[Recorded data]
###

(* Let $(D,\sqsubseteq)$ be a dcpo with its Scott topology, let $B\subseteq D$, and let $A\in\mathbf{\Delta}^0_2(D)$. Then every $\sqsubseteq$-increasing $B$-tree $f:T\to B$ that is $(A,\varepsilon)$-alternating for some $\varepsilon\in\{0,1\}$ is well-founded.
   Context: Dcpo: poset where every nonempty directed subset has a supremum; Scott topology: open sets are upsets $O$ such that every directed set with supremum in $O$ meets $O$. $\mathbf{\Sigma}^0_2(D)$: countable unions of differences $U\setminus V$ of Scott open sets; $\mathbf{\Pi}^0_2(D)$: complements; $\mathbf{\Delta}^0_2(D)=\mathbf{\Sigma}^0_2(D)\cap\mathbf{\Pi}^0_2(D)$. A tree is a nonempty set of finite sequences (over some set) closed under prefixes; it is well-founded if it has no infinite branch (no infinite sequence all of whose finite prefixes lie in $T$). A $B$-tree is a map $f:T\to B$ with $T$ a tree. It is $(A,\varepsilon)$-alternating if ($f(\mathit{nil})\in A$ iff $\varepsilon=1$) and for all $\sigma,\sigma a\in T$ (where $\sigma a$ is $\sigma$ extended by one element $a$), $f(\sigma a)\in A\iff f(\sigma)\notin A$. It is $\sqsubseteq$-increasing if $f(\sigma)\sqsubseteq f(\sigma a)$ whenever $\sigma,\sigma a\in T$. *)

theory Defs
  imports Main
begin

text \<open>Posets are modelled by a type of class order; the dcpo D is the whole type.\<close>

definition directed :: "'a::order set \<Rightarrow> bool" where
  "directed S \<longleftrightarrow> S \<noteq> {} \<and> (\<forall>x\<in>S. \<forall>y\<in>S. \<exists>z\<in>S. x \<le> z \<and> y \<le> z)"

definition is_sup :: "'a::order set \<Rightarrow> 'a \<Rightarrow> bool" where
  "is_sup S s \<longleftrightarrow> (\<forall>x\<in>S. x \<le> s) \<and> (\<forall>u. (\<forall>x\<in>S. x \<le> u) \<longrightarrow> s \<le> u)"

definition dcpo :: "'a::order itself \<Rightarrow> bool" where
  "dcpo _ \<longleftrightarrow> (\<forall>S::'a set. directed S \<longrightarrow> (\<exists>s. is_sup S s))"

definition scott_open :: "'a::order set \<Rightarrow> bool" where
  "scott_open U \<longleftrightarrow> (\<forall>x y. x \<in> U \<longrightarrow> x \<le> y \<longrightarrow> y \<in> U) \<and>
     (\<forall>S s. directed S \<longrightarrow> is_sup S s \<longrightarrow> s \<in> U \<longrightarrow> S \<inter> U \<noteq> {})"

definition Sigma02 :: "'a::order set set" where
  "Sigma02 = {A. \<exists>U V :: nat \<Rightarrow> 'a set. (\<forall>n. scott_open (U n) \<and> scott_open (V n)) \<and>
                   A = (\<Union>n. U n - V n)}"

definition Pi02 :: "'a::order set set" where
  "Pi02 = {A. - A \<in> Sigma02}"

definition Delta02 :: "'a::order set set" where
  "Delta02 = Sigma02 \<inter> Pi02"

text \<open>Trees over a set of labels (type 'b); \<sigma> a is \<sigma> @ [a].\<close>

definition is_tree :: "'b list set \<Rightarrow> bool" where
  "is_tree T \<longleftrightarrow> T \<noteq> {} \<and> (\<forall>\<sigma> \<tau>. \<sigma> @ \<tau> \<in> T \<longrightarrow> \<sigma> \<in> T)"

definition well_founded_tree :: "'b list set \<Rightarrow> bool" where
  "well_founded_tree T \<longleftrightarrow> \<not> (\<exists>g :: nat \<Rightarrow> 'b. \<forall>n. map g [0..<n] \<in> T)"

definition B_tree :: "'a set \<Rightarrow> 'b list set \<Rightarrow> ('b list \<Rightarrow> 'a) \<Rightarrow> bool" where
  "B_tree B T f \<longleftrightarrow> is_tree T \<and> f ` T \<subseteq> B"

definition alternating :: "'a set \<Rightarrow> nat \<Rightarrow> 'b list set \<Rightarrow> ('b list \<Rightarrow> 'a) \<Rightarrow> bool" where
  "alternating A \<epsilon> T f \<longleftrightarrow> (f [] \<in> A \<longleftrightarrow> \<epsilon> = 1) \<and>
     (\<forall>\<sigma> a. \<sigma> \<in> T \<longrightarrow> \<sigma> @ [a] \<in> T \<longrightarrow> (f (\<sigma> @ [a]) \<in> A \<longleftrightarrow> f \<sigma> \<notin> A))"

definition increasing_tree :: "'b list set \<Rightarrow> ('b list \<Rightarrow> 'a::order) \<Rightarrow> bool" where
  "increasing_tree T f \<longleftrightarrow> (\<forall>\<sigma> a. \<sigma> \<in> T \<longrightarrow> \<sigma> @ [a] \<in> T \<longrightarrow> f \<sigma> \<le> f (\<sigma> @ [a]))"

end

theory Submission
  imports Defs
begin

text \<open>Along an infinite branch the labels form an increasing chain that alternates in and out
  of A. In a dcpo the chain has a supremum s, lying in A or in its complement, both of which are
  countable unions of differences U - V of Scott open sets. If s \<in> U - V, the chain enters the
  Scott open U and stays there, and it never meets the upset V since it lies below s. So the
  chain is eventually inside A or eventually outside A, contradicting alternation.\<close>

lemma directed_range_chain:
  fixes x :: "nat \<Rightarrow> 'a::order"
  assumes "\<And>n. x n \<le> x (Suc n)"
  shows "directed (range x)"
  unfolding directed_def
proof (intro conjI ballI)
  show "range x \<noteq> {}" by simp
next
  have mono: "x i \<le> x j" if "i \<le> j" for i j
    using lift_Suc_mono_le[of x, OF assms that] .
  fix a b assume "a \<in> range x" "b \<in> range x"
  then obtain i j where "a = x i" "b = x j" by blast
  then show "\<exists>z\<in>range x. a \<le> z \<and> b \<le> z"
    using mono[of i "max i j"] mono[of j "max i j"] by auto
qed

lemma scott_open_upward:
  assumes "scott_open U" "x \<in> U" "x \<le> y"
  shows "y \<in> U"
  using assms unfolding scott_open_def by blast

lemma scott_open_meets_chain:
  fixes x :: "nat \<Rightarrow> 'a::order"
  assumes "scott_open U" "\<And>n. x n \<le> x (Suc n)" "is_sup (range x) s" "s \<in> U"
  obtains N where "x N \<in> U"
  using assms directed_range_chain[of x, OF assms(2)] unfolding scott_open_def by blast

lemma Sigma02_chain_eventually:
  fixes x :: "nat \<Rightarrow> 'a::order"
  assumes "C \<in> Sigma02" and chain: "\<And>n. x n \<le> x (Suc n)"
    and sup: "is_sup (range x) s" and "s \<in> C"
  shows "\<exists>N. \<forall>m\<ge>N. x m \<in> C"
proof -
  obtain U V :: "nat \<Rightarrow> 'a set" where open_UV: "\<And>n. scott_open (U n) \<and> scott_open (V n)"
    and C_eq: "C = (\<Union>n. U n - V n)"
    using \<open>C \<in> Sigma02\<close> unfolding Sigma02_def by blast
  obtain k where "s \<in> U k" "s \<notin> V k" using \<open>s \<in> C\<close> C_eq by blast
  obtain N where "x N \<in> U k"
    using scott_open_meets_chain[OF _ chain sup \<open>s \<in> U k\<close>] open_UV by blast
  have "x m \<in> U k - V k" if "m \<ge> N" for m
  proof
    show "x m \<in> U k"
      using scott_open_upward[OF _ \<open>x N \<in> U k\<close> lift_Suc_mono_le[of x, OF chain that]] open_UV
      by blast
    have "x m \<le> s" using sup unfolding is_sup_def by blast
    then show "x m \<notin> V k"
      using scott_open_upward[of "V k" "x m" s] open_UV \<open>s \<notin> V k\<close> by blast
  qed
  then show ?thesis using C_eq by blast
qed

lemma Delta02_no_alternating_chain:
  fixes x :: "nat \<Rightarrow> 'a::order"
  assumes "dcpo TYPE('a)" "A \<in> Delta02"
    and chain: "\<And>n. x n \<le> x (Suc n)"
  shows "\<not> (\<forall>n. x (Suc n) \<in> A \<longleftrightarrow> x n \<notin> A)"
proof
  assume alt: "\<forall>n. x (Suc n) \<in> A \<longleftrightarrow> x n \<notin> A"
  obtain s where sup: "is_sup (range x) s"
    using assms(1) directed_range_chain[of x, OF chain] unfolding dcpo_def by blast
  have "A \<in> Sigma02" "- A \<in> Sigma02"
    using assms(2) unfolding Delta02_def Pi02_def by auto
  show False
  proof (cases "s \<in> A")
    case True
    then obtain N where "\<forall>m\<ge>N. x m \<in> A"
      using Sigma02_chain_eventually[OF \<open>A \<in> Sigma02\<close> chain sup] by blast
    then show False using alt by (metis le_Suc_eq order_refl)
  next
    case False
    then obtain N where "\<forall>m\<ge>N. x m \<in> - A"
      using Sigma02_chain_eventually[OF \<open>- A \<in> Sigma02\<close> chain sup] by blast
    then show False using alt by (metis ComplD le_Suc_eq order_refl)
  qed
qed

lemma branch_labels_alternating_chain:
  assumes "increasing_tree T f" "alternating A \<epsilon> T f"
    and branch: "\<And>n. map g [0..<n] \<in> T"
  defines "x \<equiv> \<lambda>n. f (map g [0..<n])"
  shows "x n \<le> x (Suc n)" and "x (Suc n) \<in> A \<longleftrightarrow> x n \<notin> A"
proof -
  have step: "map g [0..<Suc n] = map g [0..<n] @ [g n]" by simp
  show "x n \<le> x (Suc n)"
    using assms(1) branch[of n] branch[of "Suc n"]
    unfolding x_def step increasing_tree_def by simp
  show "x (Suc n) \<in> A \<longleftrightarrow> x n \<notin> A"
    using assms(2) branch[of n] branch[of "Suc n"]
    unfolding x_def step alternating_def by simp
qed

text \<open>Neither the label set B nor the value of \<epsilon> plays a role: alternation along a branch
  already contradicts membership in Delta02.\<close>

theorem proposition4p6:
  fixes B A :: "'a::order set" and T :: "'b list set" and f :: "'b list \<Rightarrow> 'a" and \<epsilon> :: nat
  assumes "dcpo TYPE('a)"
    and "A \<in> Delta02"
    and "B_tree B T f"
    and "increasing_tree T f"
    and "\<epsilon> \<in> {0, 1}"
    and "alternating A \<epsilon> T f"
  shows "well_founded_tree T"
  unfolding well_founded_tree_def
proof
  assume "\<exists>g :: nat \<Rightarrow> 'b. \<forall>n. map g [0..<n] \<in> T"
  then obtain g :: "nat \<Rightarrow> 'b" where "\<And>n. map g [0..<n] \<in> T" by blast
  note branch = branch_labels_alternating_chain[OF assms(4,6) this]
  show False
    using Delta02_no_alternating_chain[where x="\<lambda>n. f (map g [0..<n])", OF assms(1,2) branch(1)]
      branch(2) by blast
qed

end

###

*Task brief*
Every line of the entries that includes "metis" must be copied into the answer.

*Output below*
    then show False using alt by (metis le_Suc_eq order_refl)
    then show False using alt by (metis ComplD le_Suc_eq order_refl)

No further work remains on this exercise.